◆ **PROBLEM DETAILS**
The entries below are to be duplicated exactly, with nothing left out.

▬▬▬▬▬▬

(* Let $k_0>0$, $L>0$, $\alpha\in C^1[0,L]$ and $\mathbf n=(n_1,n_2,n_3)^\top\in C^1([0,L],\mathbb{S}^2)$. Then, for $(k_1,k_2,t)\in\mathcal U$, the Jacobian determinant of $T_\pm$ satisfies $$|\nabla T_\pm(k_1,k_2,t)|=\frac{k_0}{\kappa}\Big|(1-\cos\alpha)\big(n_3\,\mathbf n'\cdot\mathbf h-n_3'\,\mathbf n\cdot\mathbf h\big)-n_3\,\mathbf n\cdot(\mathbf n'\times\mathbf h)\sin\alpha-\alpha'(n_1k_2-n_2k_1)+(\mathbf n\cdot\mathbf h)(n_1n_2'-n_2n_1')\sin\alpha\Big|,$$ where $\mathbf h=(k_1,k_2,\pm\kappa-k_0)^\top$ and $\mathbf n,\mathbf n',\alpha,\alpha'$ are evaluated at $t$. In particular $|\nabla T_\pm|\in L^1(\mathcal U)$.
   Context: $\mathbb{S}^2$ is the unit sphere in $\mathbb{R}^3$; primes denote derivatives in $t$. For a unit vector $\mathbf n$ and angle $\alpha$, $R_{\mathbf n,\alpha}$ is the rotation with $R_{\mathbf n,\alpha}\mathbf y=(1-\cos\alpha)(\mathbf n\cdot\mathbf y)\mathbf n+\cos\alpha\,\mathbf y-\sin\alpha\,(\mathbf n\times\mathbf y)$. $\kappa=\kappa(k_1,k_2)=\sqrt{k_0^2-k_1^2-k_2^2}$ (positive on $\mathcal U$). $\mathcal U=\{(k_1,k_2,t)\in\mathbb{R}^3:k_1^2+k_2^2<k_0^2,\ 0\le t\le L\}$, $T_\pm:\mathcal U\to\mathbb{R}^3$, $T_\pm(k_1,k_2,t)=R_{\mathbf n(t),\alpha(t)}(k_1,k_2,\pm\kappa-k_0)^\top$, and $|\nabla T_\pm|$ is the absolute value of the determinant of the Jacobian of $T_\pm$ with respect to $(k_1,k_2,t)$. *)

theory Defs
  imports "HOL-Analysis.Analysis" "HOL-Analysis.Cross3"
begin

▬▬▬▬▬▬

◆ **PROBLEM SOLUTION**
(* Let $k_0>0$, $L>0$, $\alpha\in C^1[0,L]$ and $\mathbf n=(n_1,n_2,n_3)^\top\in C^1([0,L],\mathbb{S}^2)$. Then, for $(k_1,k_2,t)\in\mathcal U$, the Jacobian determinant of $T_\pm$ satisfies $$|\nabla T_\pm(k_1,k_2,t)|=\frac{k_0}{\kappa}\Big|(1-\cos\alpha)\big(n_3\,\mathbf n'\cdot\mathbf h-n_3'\,\mathbf n\cdot\mathbf h\big)-n_3\,\mathbf n\cdot(\mathbf n'\times\mathbf h)\sin\alpha-\alpha'(n_1k_2-n_2k_1)+(\mathbf n\cdot\mathbf h)(n_1n_2'-n_2n_1')\sin\alpha\Big|,$$ where $\mathbf h=(k_1,k_2,\pm\kappa-k_0)^\top$ and $\mathbf n,\mathbf n',\alpha,\alpha'$ are evaluated at $t$. In particular $|\nabla T_\pm|\in L^1(\mathcal U)$.
   Context: $\mathbb{S}^2$ is the unit sphere in $\mathbb{R}^3$; primes denote derivatives in $t$. For a unit vector $\mathbf n$ and angle $\alpha$, $R_{\mathbf n,\alpha}$ is the rotation with $R_{\mathbf n,\alpha}\mathbf y=(1-\cos\alpha)(\mathbf n\cdot\mathbf y)\mathbf n+\cos\alpha\,\mathbf y-\sin\alpha\,(\mathbf n\times\mathbf y)$. $\kappa=\kappa(k_1,k_2)=\sqrt{k_0^2-k_1^2-k_2^2}$ (positive on $\mathcal U$). $\mathcal U=\{(k_1,k_2,t)\in\mathbb{R}^3:k_1^2+k_2^2<k_0^2,\ 0\le t\le L\}$, $T_\pm:\mathcal U\to\mathbb{R}^3$, $T_\pm(k_1,k_2,t)=R_{\mathbf n(t),\alpha(t)}(k_1,k_2,\pm\kappa-k_0)^\top$, and $|\nabla T_\pm|$ is the absolute value of the determinant of the Jacobian of $T_\pm$ with respect to $(k_1,k_2,t)$. *)

theory Defs
  imports "HOL-Analysis.Analysis" "HOL-Analysis.Cross3"
begin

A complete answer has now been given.